Excerpts from a dataset:
+===+

(* Let $n\ge1$, $N\ge0$ be integers and $a,q,x$ generic nonzero complex parameters. For $\lambda\in\Lambda_{nN}$ define $$A_\lambda(a,q,x,n,N)=\prod_{1\leq i\leq j\leq n}\frac{E(ax^{2-i-j}q^{\lambda_i+\lambda_j})}{E(ax^{2-i-j})}\prod_{1\leq i<j\leq n}\frac{(ax^{3-i-j};q)_{\lambda_i+\lambda_j}}{(aqx^{1-i-j};q)_{\lambda_i+\lambda_j}}\cdot\frac{(ax^{1-n};q,x)_\lambda}{(aq^{N+1};q,x)_\lambda}$$ and $$B_\lambda(q,x,n,N)=\prod_{i=1}^n q^{\lambda_i}x^{2(i-1)\lambda_i}\prod_{1\leq i<j\leq n}\frac{E(x^{j-i}q^{\lambda_i-\lambda_j})}{E(x^{j-i})}\frac{(x^{j-i+1};q)_{\lambda_i-\lambda_j}}{(qx^{j-i-1};q)_{\lambda_i-\lambda_j}}\cdot\frac{(q^{-N};q,x)_\lambda}{(qx^{n-1};q,x)_\lambda}.$$ Then $$A_\lambda(a,q,x,n,N)=A_{\lambda'}(aqx,x^{-1},q^{-1},N,n),\qquad B_\lambda(q,x,n,N)=B_{\lambda'}(x^{-1},q^{-1},N,n),$$ where $\lambda'\in\Lambda_{Nn}$ is the conjugate partition of $\lambda$.
   Context: Fix $p\in\mathbb C$ with $|p|<1$. For nonzero $y$, $E(y)=\prod_{j=0}^\infty(1-yp^j)(1-p^{j+1}/y)$, $E(y_1,\dots,y_m)=\prod_s E(y_s)$. For a base $Q$ and integer $k\ge0$, $(y;Q)_k=\prod_{j=0}^{k-1}E(yQ^j)$; for $k<0$, $(y;Q)_k=1/(yQ^{k};Q)_{-k}$. For $\lambda\in\mathbb Z^n$ and bases $Q,X$, $(y;Q,X)_\lambda=\prod_{j=1}^n(yX^{1-j};Q)_{\lambda_j}$. Let $\Lambda_{nN}=\{\lambda\in\mathbb Z^n: N\ge\lambda_1\ge\dots\ge\lambda_n\ge0\}$; for $\lambda\in\Lambda_{nN}$ its conjugate is $\lambda'\in\Lambda_{Nn}$ with $\lambda'_j=\#\{i:\lambda_i\ge j\}$, $j=1,\dots,N$. In $A_{\lambda'}(aqx,x^{-1},q^{-1},N,n)$ and $B_{\lambda'}(x^{-1},q^{-1},N,n)$ the defining formulas are applied with $a,q,x,n,N$ replaced by $aqx,x^{-1},q^{-1},N,n$ respectively. *)

theory Defs
  imports "HOL-Analysis.Analysis"
begin

definition E :: "complex \<Rightarrow> complex \<Rightarrow> complex" where
  "E p y = (\<Prod>j. (1 - y * p ^ j) * (1 - p ^ (j + 1) / y))"

definition qpoch :: "complex \<Rightarrow> complex \<Rightarrow> complex \<Rightarrow> int \<Rightarrow> complex" where
  "qpoch p y Q k =
     (if k \<ge> 0 then (\<Prod>j<nat k. E p (y * Q ^ j))
      else 1 / (\<Prod>j<nat (- k). E p (y * Q powi k * Q ^ j)))"

definition qpochL :: "complex \<Rightarrow> complex \<Rightarrow> complex \<Rightarrow> complex \<Rightarrow> int list \<Rightarrow> complex" where
  "qpochL p y Q X l = (\<Prod>j\<in>{1..length l}. qpoch p (y * X powi (1 - int j)) Q (l ! (j - 1)))"

definition Lambda :: "nat \<Rightarrow> nat \<Rightarrow> int list set" where
  "Lambda n N = {l. length l = n \<and> (\<forall>i<n. 0 \<le> l ! i \<and> l ! i \<le> int N) \<and>
                    (\<forall>i j. i \<le> j \<longrightarrow> j < n \<longrightarrow> l ! j \<le> l ! i)}"

definition conjp :: "nat \<Rightarrow> int list \<Rightarrow> int list" where
  "conjp N l = map (\<lambda>j. int (card {i. i < length l \<and> int j \<le> l ! i})) [1..<N + 1]"

definition A :: "complex \<Rightarrow> complex \<Rightarrow> complex \<Rightarrow> complex \<Rightarrow> nat \<Rightarrow> nat \<Rightarrow> int list \<Rightarrow> complex" where
  "A p a q x n N l =
    (let lam = (\<lambda>i::nat. l ! (i - 1)) in
      (\<Prod>i\<in>{1..n}. \<Prod>j\<in>{i..n}.
          E p (a * x powi (2 - int i - int j) * q powi (lam i + lam j))
          / E p (a * x powi (2 - int i - int j)))
    * (\<Prod>i\<in>{1..n}. \<Prod>j\<in>{i<..n}.
          qpoch p (a * x powi (3 - int i - int j)) q (lam i + lam j)
          / qpoch p (a * q * x powi (1 - int i - int j)) q (lam i + lam j))
    * (qpochL p (a * x powi (1 - int n)) q x l / qpochL p (a * q ^ (N + 1)) q x l))"

definition B :: "complex \<Rightarrow> complex \<Rightarrow> complex \<Rightarrow> nat \<Rightarrow> nat \<Rightarrow> int list \<Rightarrow> complex" where
  "B p q x n N l =
    (let lam = (\<lambda>i::nat. l ! (i - 1)) in
      (\<Prod>i\<in>{1..n}. q powi (lam i) * x powi (2 * (int i - 1) * lam i))
    * (\<Prod>i\<in>{1..n}. \<Prod>j\<in>{i<..n}.
          (E p (x powi (int j - int i) * q powi (lam i - lam j)) / E p (x powi (int j - int i)))
          * (qpoch p (x powi (int j - int i + 1)) q (lam i - lam j)
             / qpoch p (q * x powi (int j - int i - 1)) q (lam i - lam j)))
    * (qpochL p (q powi (- int N)) q x l / qpochL p (q * x ^ (n - 1)) q x l))"

end

theory Submission
  imports Defs
begin

(* Write f(k, m) = E(a q^k x^m). Then A_lambda is a product of ratios of values of f on the
   lattice Z^2, and A_lambda'(aqx, 1/x, 1/q, N, n) is the same expression for the reflected lattice
   function (k, m) |-> f(1 - m, 1 - k). Both sides are 1 for the empty partition, so by induction on
   |lambda| it suffices to compare the factors by which they change when a box is added to row k of
   lambda, i.e. to row lambda_k + 1 of lambda'. On each side this factor is a product, over the
   other rows, of ratios of one auxiliary function Phi evaluated along the boundary of the Young
   diagram; the two boundary products telescope against each other, which leaves an identity among
   a few values of f. For B the lattice function is g(k, m) = E(q^k x^m) with the reflection
   (k, m) |-> g(-m, -k); here the functional equation E(1/y) = -E(y)/y is needed as well, because
   the differences lambda_i - lambda_k of the rows above the new box decrease. *)

lemma convergent_prod_one_minus_geometric:
  fixes p c :: complex
  assumes "norm p < 1"
  shows "convergent_prod (\<lambda>j. 1 - c * p ^ j)"
proof -
  have "summable (\<lambda>j. norm c * norm p ^ j)"
    using assms by (intro summable_mult summable_geometric) auto
  then have "summable (\<lambda>j. norm ((1 - c * p ^ j) - 1))"
    by (simp add: norm_mult norm_power)
  then show ?thesis
    by (intro abs_convergent_prod_imp_convergent_prod summable_imp_abs_convergent_prod)
qed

+===+

## Task item:
What is the number of lines in the records that include "boundary"? Answer with that number alone.

## Response to this task:
2